Another Republican who went down in the pro-public school, pro-tea party crossfire was East Texas' Mike "Tuffy" Hamilton, best known among female legislative staffers for his unwelcome slaps on their butts. His African-American tea party opponent attacked him for tax liens, ethics fines and even using campaign funds for a $100 lunch at Hooters. But in Austin Tuffy will be best remembered for interrupting the buxom state Rep. Marisa Marquez as she debated funding for Franklin Mountain State Park.

"Young lady, would you please tell us why your mountains are better than any of our mountains and are they man-made or are they real mountains?" Tuffy asked.
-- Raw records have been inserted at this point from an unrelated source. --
lemma det_block_diag_id:
  fixes D :: "'a::comm_ring_1^'n^'n"
  shows "det (block_matrix (mat 1) 0 0 D) = det D"
proof -
  let ?J = "block_matrix 0 (mat 1) (mat 1) 0 :: 'a^('n+'n)^('n+'n)"
  have "block_matrix (mat 1) 0 0 D = ?J ** block_matrix D 0 0 (mat 1) ** ?J"
    by (simp add: block_matrix_mult)
  then have "det (block_matrix (mat 1) 0 0 D) = (det ?J * det ?J) * det D"
    by (simp add: det_mul det_block_upper_id)
  then show ?thesis by (simp add: det_block_antidiag_id flip: power_add)
qed

lemma det_block_lower_triangular:
  fixes A C D :: "'a::comm_ring_1^'n^'n"
  shows "det (block_matrix A 0 C D) = det A * det D"
proof -
  have "block_matrix A 0 C D = block_matrix A 0 C (mat 1) ** block_matrix (mat 1) 0 0 D"
    by (simp add: block_matrix_mult)
  then show ?thesis by (simp add: det_mul det_block_lower_id det_block_diag_id)
qed

section \<open>The symplectic matrix generated by \<open>W\<close>\<close>

lemma has_derivative_matrix_vector_mult[derivative_intros]:
  "(g has_derivative g') F \<Longrightarrow> ((\<lambda>y. (A::real^'n^'m) *v g y) has_derivative (\<lambda>h. A *v g' h)) F"
  by (rule bounded_linear.has_derivative[OF matrix_vector_mul_bounded_linear])

lemma inner_symmetric_matrix:
  assumes "transpose P = P"
  shows "x \<bullet> (P *v y) = y \<bullet> (P *v (x::real^'n))"
  by (metis assms dot_lmul_matrix inner_commute vector_transpose_matrix)

lemma genW_has_derivative_left:
  fixes P L Q :: "real^'n^'n"
  assumes "transpose P = P"
  shows "((\<lambda>y. genW P L Q y x') has_derivative (\<lambda>h. (P *v x - transpose L *v x') \<bullet> h)) (at x)"
  unfolding genW_def
  apply (rule has_derivative_eq_rhs)
   apply (rule derivative_eq_intros refl | simp)+
  using inner_symmetric_matrix[OF assms, of x] dot_lmul_matrix[of x' L]
  by (auto simp: inner_diff_right inner_commute)

lemma genW_has_derivative_right:
  fixes P L Q :: "real^'n^'n"
  assumes "transpose Q = Q"
  shows "((\<lambda>y. genW P L Q x y) has_derivative (\<lambda>h. - ((L *v x - Q *v x') \<bullet> h))) (at x')"
  unfolding genW_def
  apply (rule has_derivative_eq_rhs)
   apply (rule derivative_eq_intros refl | simp)+
  using inner_symmetric_matrix[OF assms, of x']
  by (auto simp: inner_diff_right inner_commute)

lemma generated_by_minus_id:
  fixes P L Q L' :: "real^'n^'n" and S :: "real^('n+'n)^('n+'n)"
  assumes "transpose P = P" and "transpose Q = Q"
    and "L ** L' = mat 1"
    and "generated_by S P L Q"
  shows "S - mat 1 = block_matrix (L' ** Q - mat 1) L' (P ** L' ** Q - transpose L) (P ** L' - mat 1)"
proof (rule block_matrix_eqI)
  fix x' p' :: "real^'n"
  define x where "x = L' *v (p' + Q *v x')"
  define p where "p = P *v x - transpose L *v x'"
  have "L *v x = p' + Q *v x'"
    unfolding x_def matrix_vector_mul_assoc assms(3) by simp
  then have "((\<lambda>y. genW P L Q x y) has_derivative (\<lambda>h. - (p' \<bullet> h))) (at x')"
    using genW_has_derivative_right[OF assms(2), of P L x x'] by simp
  moreover have "((\<lambda>y. genW P L Q y x') has_derivative (\<lambda>h. p \<bullet> h)) (at x)"
    unfolding p_def by (rule genW_has_derivative_left[OF assms(1)])
  ultimately have "S *v pjoin x' p' = pjoin x p"
    using assms(4) unfolding generated_by_def by blast
  then have "(S - mat 1) *v pjoin x' p' = pjoin (x - x') (p - p')"
    by (simp add: matrix_vector_mult_diff_rdistrib pjoin_diff)
  also have "\<dots> = pjoin ((L' ** Q - mat 1) *v x' + L' *v p')
                        ((P ** L' ** Q - transpose L) *v x' + (P ** L' - mat 1) *v p')"
    unfolding pjoin_eq_iff x_def p_def
    by (simp add: algebra_simps matrix_vector_mul_assoc[symmetric])
  finally show "(S - mat 1) *v pjoin x' p' = \<dots>" .
qed
text \<open>Only the first half of maximal impossibility (every \<open>A\<close> has a partner \<open>B\<close>) is needed.\<close>

lemma maximally_impossible_angle_sum:
  assumes "0 \<le> lam" "lam < pi / 2" "scenario M1 M2 M3"
    and "maximally_impossible (B_state lam) M1 M2 M3"
    and "card M1 = card M2" "C \<in> M3" "z \<in> {0, 1}"
  shows "\<exists>K::int. \<Sum>M1 + \<Sum>M2 = real (card M1) * beta lam (C + real z * pi) + of_int K * pi"
proof (rule sum_add_sum_eq_mod_period)
  show "finite M1" "finite M2" "M1 \<subseteq> {0..<pi}"
    using assms(3) by (auto simp: scenario_def)
  fix A assume "A \<in> M1"
  then obtain B a b where "B \<in> M2" "impossible (B_state lam) A B C a b z"
    using assms(4,6,7) unfolding maximally_impossible_def by blast
  then show "\<exists>B\<in>M2. \<exists>k::int. A + B = beta lam (C + real z * pi) + of_int k * pi"
    using impossible_B_state_angle_sum [OF assms(1,2)] by blast
qed (use assms(5) in auto)

theorem lemma14:
  fixes lam :: real and M1 M2 M3 :: "real set" and N n :: nat and C :: "nat \<Rightarrow> real"
  assumes "0 \<le> lam" and "lam < pi / 2"
    and "scenario M1 M2 M3"
    and "maximally_impossible (B_state lam) M1 M2 M3"
    and "card M1 = N" and "card M2 = N"
    and "M3 = C ` {..<n}"
  shows "(\<forall>l<n. \<exists>k::int. cong_2pi (delta lam (C l)) (of_int k * pi / real N)) \<and>
         (\<forall>l1<n. \<forall>l2<n. \<exists>k::int.
           cong_2pi (beta lam (C l1) - beta lam (C l2)) (of_int k * pi / real N))"
proof -
  have "N > 0"
    using assms(3,5) by (auto simp: scenario_def card_gt_0_iff)
  have angle_sum: "\<exists>K::int. \<Sum>M1 + \<Sum>M2 = real N * beta lam (C l + real z * pi) + of_int K * pi"
    if "l < n" "z \<in> {0, 1}" for l z
    using maximally_impossible_angle_sum [OF assms(1-4)] that assms(5-7) by auto
  have beta_diff: "\<exists>k::int. cong_2pi (beta lam (C l1 + real z1 * pi) - beta lam (C l2 + real z2 * pi))
      (of_int k * pi / real N)"
    if l: "l1 < n" "l2 < n" and z: "z1 \<in> {0, 1}" "z2 \<in> {0, 1}" for l1 l2 z1 z2
  proof -
    obtain K1 K2 :: int
      where "\<Sum>M1 + \<Sum>M2 = real N * beta lam (C l1 + real z1 * pi) + of_int K1 * pi"
        and "\<Sum>M1 + \<Sum>M2 = real N * beta lam (C l2 + real z2 * pi) + of_int K2 * pi"
      using angle_sum [OF l(1) z(1)] angle_sum [OF l(2) z(2)] by blast
    then have "beta lam (C l1 + real z1 * pi) - beta lam (C l2 + real z2 * pi)
        = of_int (K2 - K1) * pi / real N"
      using \<open>N > 0\<close> by (simp add: field_simps)
    then show ?thesis
      unfolding cong_2pi_def by (metis diff_self mult_zero_right of_int_0)
  qed
  show ?thesis
    using beta_diff [of _ _ 1 0] beta_diff [of _ _ 0 0] by (auto simp: delta_def)
qed

end
text \<open>
  Each component obeys Berger's power inequality: if the numerical range of \<open>S\<close> lies
  in the disc of radius \<open>r\<close>, so does that of \<open>S\<^sup>n\<close>, i.e. \<open>|\<langle>S\<^sup>n x, x\<rangle>| \<le> r\<^sup>n\<close> for unit \<open>x\<close>.
  Following Pearcy, let \<open>c\<^sub>0, \<dots>, c\<^sub>n\<^sub>-\<^sub>1\<close> be the \<open>n\<close>-th roots of \<open>\<zeta>\<close> with \<open>|c\<^sub>k| = 1/r\<close> and put
  \<open>y\<^sub>k = \<Sum>\<^sub>i\<^sub><\<^sub>n c\<^sub>k\<^sup>i S\<^sup>i x\<close>. Then \<open>y\<^sub>k - c\<^sub>k S y\<^sub>k = x - \<zeta> S\<^sup>n x\<close> and \<open>\<Sum>\<^sub>k y\<^sub>k = n x\<close>, so
  \<open>n \<langle>x - \<zeta> S\<^sup>n x, x\<rangle> = \<Sum>\<^sub>k \<langle>y\<^sub>k - c\<^sub>k S y\<^sub>k, y\<^sub>k\<rangle>\<close>, whose real part is nonnegative because
  \<open>|c\<^sub>k \<langle>S y\<^sub>k, y\<^sub>k\<rangle>| \<le> \<parallel>y\<^sub>k\<parallel>\<^sup>2\<close>. Choosing the phase of \<open>\<zeta>\<close> to make \<open>\<zeta> \<langle>S\<^sup>n x, x\<rangle>\<close> positive gives
  the inequality. Bounding every component of \<open>\<^bold>T\<^sup>n\<close> by \<open>w\<^sub>e(\<^bold>T)\<^sup>n\<close> then costs the factor \<open>\<surd>d\<close>.
\<close>

lemma cinner_add_right: "cinner (x::'a::complex_inner) (y + z) = cinner x y + cinner x z"
  by (metis cinner_commute cinner_add_left complex_cnj_add)

lemma cinner_scaleC_right: "cinner (x::'a::complex_inner) (a *\<^sub>C y) = cnj a * cinner x y"
  by (metis cinner_commute cinner_scaleC_left complex_cnj_mult)

lemma scaleC_zero_left [simp]: "0 *\<^sub>C (x::'a::complex_inner) = 0"
  by (metis scaleR_scaleC scaleR_zero_left of_real_0)

lemma scaleC_zero_right [simp]: "a *\<^sub>C (0::'a::complex_inner) = 0"
  by (metis add_cancel_right_right add_0 scaleC_add_right)

lemma scaleC_minus1_left: "(-1) *\<^sub>C (x::'a::complex_inner) = - x"
  by (metis scaleR_scaleC scaleR_minus1_left of_real_1 of_real_minus)

lemma cinner_zero_left [simp]: "cinner (0::'a::complex_inner) y = 0"
  by (metis scaleC_zero_left cinner_scaleC_left mult_zero_left)

lemma cinner_minus_left: "cinner (- (x::'a::complex_inner)) y = - cinner x y"
  using cinner_scaleC_left[of "-1" x y] by (simp only: scaleC_minus1_left) simp

lemma cinner_zero_right [simp]: "cinner (x::'a::complex_inner) 0 = 0"
  by (metis cinner_commute cinner_zero_left complex_cnj_zero)

lemma cinner_diff_left: "cinner ((x::'a::complex_inner) - y) z = cinner x z - cinner y z"
  using cinner_add_left[of x "- y" z] by (simp add: cinner_minus_left)

lemma cinner_diff_right: "cinner (z::'a::complex_inner) (x - y) = cinner z x - cinner z y"
  by (metis cinner_commute cinner_diff_left complex_cnj_diff)

lemma cinner_sum_right: "cinner (x::'a::complex_inner) (\<Sum>k\<in>A. f k) = (\<Sum>k\<in>A. cinner x (f k))"
  by (induction A rule: infinite_finite_induct) (simp_all add: cinner_add_right)

lemma scaleC_sum_left: "(\<Sum>k\<in>A. f k) *\<^sub>C (x::'a::complex_inner) = (\<Sum>k\<in>A. f k *\<^sub>C x)"
  by (induction A rule: infinite_finite_induct) (simp_all add: scaleC_add_left)

lemma scaleC_sum_right: "a *\<^sub>C (\<Sum>k\<in>A. f k) = (\<Sum>k\<in>A. a *\<^sub>C (f k::'a::complex_inner))"
  by (induction A rule: infinite_finite_induct) (simp_all add: scaleC_add_right)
For this, Texas Monthly gave him a dishonorable mention, which gives you an idea just how hard you have to work in Texas to achieve true infamy.

Hilariously, Tuffy told the Texas Observer that he was -- say it with me -- "taken out of context."

Fittingly, Hamilton once dressed up in a purple dinosaur costume on the House floor to dramatize the need to pick a new official state dinosaur. It seems the previous state dinosaur was based on a misidentified fossil. Now even Tuffysaurus Rex is extinct in Austin.

It's days like this that people say, "If only Molly Ivins were still alive."